→ WHAT YOU NEED TO DO: Looking at the material below, count the lines that contain "shows" and answer with the count only.

#####

(* Let $F$ be a field and let $A$ be a unital alternative $F$-algebra. If $A$ is finite-dimensional or reversible, then $A$ is von-Neumann finite.
   Context: An $F$-algebra is a vector space $A$ over $F$ with a bilinear multiplication $A\times A\to A$, not necessarily associative; unital means there is $1\in A$ with $1a=a1=a$ for all $a$. $A$ is alternative if $a^2b=a(ab)$ and $ab^2=(ab)b$ for all $a,b\in A$. $A$ is von-Neumann finite if for all $a,b\in A$, $ab=1$ implies $ba=1$. $A$ is reversible if for all $a,b\in A$, $ab=0$ implies $ba=0$. *)

theory Defs
  imports Complex_Main
begin

definition f_algebra :: "('f::field \<Rightarrow> 'a::ab_group_add \<Rightarrow> 'a) \<Rightarrow> ('a \<Rightarrow> 'a \<Rightarrow> 'a) \<Rightarrow> bool" where
  "f_algebra scale mult \<longleftrightarrow> vector_space scale \<and>
     (\<forall>x. Vector_Spaces.linear scale scale (mult x)) \<and>
     (\<forall>y. Vector_Spaces.linear scale scale (\<lambda>x. mult x y))"

definition unit_elem :: "('a \<Rightarrow> 'a \<Rightarrow> 'a) \<Rightarrow> 'a \<Rightarrow> bool" where
  "unit_elem mult e \<longleftrightarrow> (\<forall>a. mult e a = a \<and> mult a e = a)"

definition alternative :: "('a \<Rightarrow> 'a \<Rightarrow> 'a) \<Rightarrow> bool" where
  "alternative mult \<longleftrightarrow>
     (\<forall>a b. mult (mult a a) b = mult a (mult a b) \<and> mult a (mult b b) = mult (mult a b) b)"

definition finite_dimensional :: "('f::field \<Rightarrow> 'a::ab_group_add \<Rightarrow> 'a) \<Rightarrow> bool" where
  "finite_dimensional scale \<longleftrightarrow> (\<exists>B. finite B \<and> module.span scale B = UNIV)"

definition von_neumann_finite :: "('a \<Rightarrow> 'a \<Rightarrow> 'a) \<Rightarrow> 'a \<Rightarrow> bool" where
  "von_neumann_finite mult e \<longleftrightarrow> (\<forall>a b. mult a b = e \<longrightarrow> mult b a = e)"

definition reversible :: "('a::zero \<Rightarrow> 'a \<Rightarrow> 'a) \<Rightarrow> bool" where
  "reversible mult \<longleftrightarrow> (\<forall>a b. mult a b = 0 \<longrightarrow> mult b a = 0)"

end

theory Submission
  imports Defs
begin

text \<open>In an alternative algebra the associator (x,y,z) = (xy)z - x(yz) is alternating, and the
  Teichmueller identity then yields (zx,x,y) = x(z,x,y). Now let ab = 1. The subspace
  W = {z. (za)b = z} = {z. (z,a,b) = 0} contains 1, is mapped into itself by right multiplication
  with a (by the identity above), and on W this map has the left inverse "right multiplication
  by b". In finite dimension it is therefore onto W, so 1 = za with z in W, whence z = (za)b = b.
  In the reversible case put f = 1 - ba: alternativity gives af = 0 and fb = 0, reversibility
  fa = 0, and then f = -(f,a,b) = (a,f,b) = 0.\<close>

locale alternative_ring =
  fixes mult :: "'a::ab_group_add \<Rightarrow> 'a \<Rightarrow> 'a" (infixl \<open>\<star>\<close> 70)
  assumes add_mult: "(x + y) \<star> z = x \<star> z + y \<star> z"
    and mult_add: "z \<star> (x + y) = z \<star> x + z \<star> y"
    and left_alternative: "(x \<star> x) \<star> y = x \<star> (x \<star> y)"
    and right_alternative: "x \<star> (y \<star> y) = (x \<star> y) \<star> y"
begin

lemma zero_mult [simp]: "0 \<star> x = 0"
  using add_mult[of 0 0 x] by simp

lemma mult_zero [simp]: "x \<star> 0 = 0"
  using mult_add[of x 0 0] by simp

lemma minus_mult: "(- x) \<star> z = - (x \<star> z)"
  using minus_unique[of "x \<star> z"] add_mult[of x "- x" z] by simp

lemma mult_minus: "z \<star> (- x) = - (z \<star> x)"
  using minus_unique[of "z \<star> x"] mult_add[of z x "- x"] by simp

lemma diff_mult: "(x - y) \<star> z = x \<star> z - y \<star> z"
  using add_mult[of x "- y" z] by (simp add: minus_mult)

lemma mult_diff: "z \<star> (x - y) = z \<star> x - z \<star> y"
  using mult_add[of z x "- y"] by (simp add: mult_minus)

lemmas mult_distribs = add_mult mult_add minus_mult mult_minus diff_mult mult_diff

definition assoc :: "'a \<Rightarrow> 'a \<Rightarrow> 'a \<Rightarrow> 'a" where
  "assoc x y z = (x \<star> y) \<star> z - x \<star> (y \<star> z)"

lemma assoc_same_12 [simp]: "assoc x x z = 0"
  by (simp add: assoc_def left_alternative)

lemma assoc_same_23 [simp]: "assoc x z z = 0"
  by (simp add: assoc_def right_alternative)

lemma assoc_swap_12: "assoc y x z = - assoc x y z"
proof -
  have "assoc x y z + assoc y x z = assoc (x + y) (x + y) z"
    unfolding assoc_def by (simp add: mult_distribs left_alternative algebra_simps)
  then show ?thesis
    using minus_unique[of "assoc x y z" "assoc y x z"] by simp
qed

lemma assoc_swap_23: "assoc x z y = - assoc x y z"
proof -
  have "assoc x y z + assoc x z y = assoc x (y + z) (y + z)"
    unfolding assoc_def by (simp add: mult_distribs right_alternative algebra_simps)
  then show ?thesis
    using minus_unique[of "assoc x y z" "assoc x z y"] by simp
qed

lemma assoc_cycle: "assoc y z x = assoc x y z"
  using assoc_swap_12[of z y x] assoc_swap_23[of y x z] assoc_swap_12[of x y z]
    assoc_swap_23[of x z y] by simp

lemma teichmueller:
  "assoc (w \<star> x) y z - assoc w (x \<star> y) z + assoc w x (y \<star> z)
     = w \<star> assoc x y z + assoc w x y \<star> z"
  by (simp add: assoc_def mult_distribs algebra_simps)

lemma assoc_mult_right_same: "assoc (z \<star> x) x y = x \<star> assoc z x y"
proof -
  have "assoc (x \<star> x) y z - assoc x (x \<star> y) z = x \<star> assoc x y z"
    using teichmueller[of x x y z] by simp
  moreover have "assoc (z \<star> x) x y - assoc z (x \<star> x) y + assoc z x (x \<star> y) = 0"
    using teichmueller[of z x x y] by simp
  moreover have "assoc z (x \<star> x) y = assoc (x \<star> x) y z"
    and "assoc z x (x \<star> y) = assoc x (x \<star> y) z"
    and "assoc x y z = assoc z x y"
    by (rule assoc_cycle[symmetric])+ (rule assoc_cycle)
  ultimately show ?thesis
    by (simp add: algebra_simps)
qed

end

locale unital_alternative_ring = alternative_ring +
  fixes one :: 'a
  assumes one_mult [simp]: "one \<star> x = x"
    and mult_one [simp]: "x \<star> one = x"
begin

lemma assoc_right_inverse_eq_0_iff:
  assumes "a \<star> b = one"
  shows "assoc z a b = 0 \<longleftrightarrow> (z \<star> a) \<star> b = z"
  by (simp add: assoc_def assms)

lemma left_inverse_if_reversible:
  assumes rev: "reversible mult" and ab: "a \<star> b = one"
  shows "b \<star> a = one"
proof -
  define f where "f = one - b \<star> a"
  have "assoc a b a = 0"
    using assoc_swap_12[of b a a] by simp
  then have af: "a \<star> f = 0"
    by (simp add: f_def mult_diff assoc_def ab)
  then have fa: "f \<star> a = 0"
    using rev by (simp add: reversible_def)
  have "assoc b a b = 0"
    using assoc_swap_12[of a b b] by simp
  then have fb: "f \<star> b = 0"
    by (simp add: f_def diff_mult assoc_def ab)
  have "assoc f a b = - assoc a f b"
    by (rule assoc_swap_12)
  also have "\<dots> = 0"
    by (simp add: assoc_def af fb)
  finally have "f = 0"
    by (simp add: assoc_def fa ab)
  then show ?thesis
    by (simp add: f_def)
qed

end

lemma f_algebra_alternative_ring:
  fixes scale :: "'f::field \<Rightarrow> 'a::ab_group_add \<Rightarrow> 'a"
  assumes "f_algebra scale mult" and "alternative mult"
  shows "alternative_ring mult"
proof
  fix x y z
  have left: "module_hom scale scale (mult z)" and right: "module_hom scale scale (\<lambda>x. mult x z)"
    using assms(1) by (auto simp: f_algebra_def module_hom_iff_linear)
  show "mult (x + y) z = mult x z + mult y z"
    using module_hom.add[OF right] .
  show "mult z (x + y) = mult z x + mult z y"
    using module_hom.add[OF left] .
  show "mult (mult x x) y = mult x (mult x y)" and "mult x (mult y y) = mult (mult x y) y"
    using assms(2) by (auto simp: alternative_def)
qed

lemma (in vector_space) finite_dimensional_has_basis:
  assumes "finite_dimensional scale"
  obtains B where "finite_dimensional_vector_space scale B"
proof -
  obtain S where S: "finite S" "span S = UNIV"
    using assms by (auto simp: finite_dimensional_def)
  obtain B where B: "B \<subseteq> S" "independent B" "S \<subseteq> span B"
    by (rule maximal_independent_subset)
  have "span B = UNIV"
    using S(2) span_mono[OF B(3)] by (auto simp: span_span)
  with B S(1) have "finite_dimensional_vector_space scale B"
    by unfold_locales (auto intro: finite_subset)
  then show ?thesis
    by (rule that)
qed

lemma (in finite_dimensional_vector_space) linear_inj_on_invariant_subspace_image_eq:
  assumes lin: "Vector_Spaces.linear scale scale f" and W: "subspace W"
    and into: "f ` W \<subseteq> W" and inj: "inj_on f W"
  shows "f ` W = W"
proof -
  interpret pair: finite_dimensional_vector_space_pair_1 scale Basis scale
    by unfold_locales
  have "subspace (f ` W)"
    using W lin by (simp add: module_hom.subspace_image module_hom_iff_linear)
  moreover have "dim (f ` W) = dim W"
    using pair.dim_image_eq[OF lin, of W] inj W by (metis span_eq_iff)
  ultimately show ?thesis
    using subspace_dim_equal[OF _ W into] by simp
qed

lemma (in unital_alternative_ring) left_inverse_if_finite_dimensional:
  fixes scale :: "'f::field \<Rightarrow> 'a \<Rightarrow> 'a"
  assumes alg: "f_algebra scale mult" and fd: "finite_dimensional scale"
    and ab: "a \<star> b = one"
  shows "b \<star> a = one"
proof -
  interpret vector_space scale
    using alg by (simp add: f_algebra_def)
  obtain B where "finite_dimensional_vector_space scale B"
    using fd by (rule finite_dimensional_has_basis)
  then interpret fdv: finite_dimensional_vector_space scale B .
  have hom_a: "module_hom scale scale (\<lambda>z. z \<star> a)"
    and hom_b: "module_hom scale scale (\<lambda>z. z \<star> b)"
    using alg by (simp_all add: f_algebra_def module_hom_iff_linear)
  define W where "W = {z. (z \<star> a) \<star> b = z}"
  have "subspace W"
    by (auto simp: W_def subspace_def add_mult module_hom.scale[OF hom_a] module_hom.scale[OF hom_b])
  moreover have "(\<lambda>z. z \<star> a) ` W \<subseteq> W"
    using assoc_mult_right_same[of _ a b] by (auto simp: W_def assoc_right_inverse_eq_0_iff[OF ab, symmetric])
  moreover have "inj_on (\<lambda>z. z \<star> a) W"
    by (rule inj_on_inverseI[where g = "\<lambda>z. z \<star> b"]) (simp add: W_def)
  ultimately have onto: "(\<lambda>z. z \<star> a) ` W = W"
    using hom_a by (simp add: fdv.linear_inj_on_invariant_subspace_image_eq module_hom_iff_linear)
  have "one \<in> W"
    by (simp add: W_def ab)
  then obtain z where "z \<in> W" and za: "z \<star> a = one"
    using onto by (metis imageE)
  then have "z = b"
    by (simp add: W_def)
  with za show ?thesis
    by simp
qed

theorem proposition4p1:
  fixes scale :: "'f::field \<Rightarrow> 'a::ab_group_add \<Rightarrow> 'a"
    and mult :: "'a \<Rightarrow> 'a \<Rightarrow> 'a"
    and one :: 'a
  assumes "f_algebra scale mult"
    and "unit_elem mult one"
    and "alternative mult"
    and "finite_dimensional scale \<or> reversible mult"
  shows "von_neumann_finite mult one"
proof -
  interpret unital_alternative_ring mult one
    using f_algebra_alternative_ring[OF assms(1,3)] assms(2)
    by (simp add: unital_alternative_ring_def unital_alternative_ring_axioms_def unit_elem_def)
  show ?thesis
    using assms(4) left_inverse_if_finite_dimensional[OF assms(1)] left_inverse_if_reversible
    unfolding von_neumann_finite_def by blast
qed

end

#####

→ WRITTEN RESPONSE: 6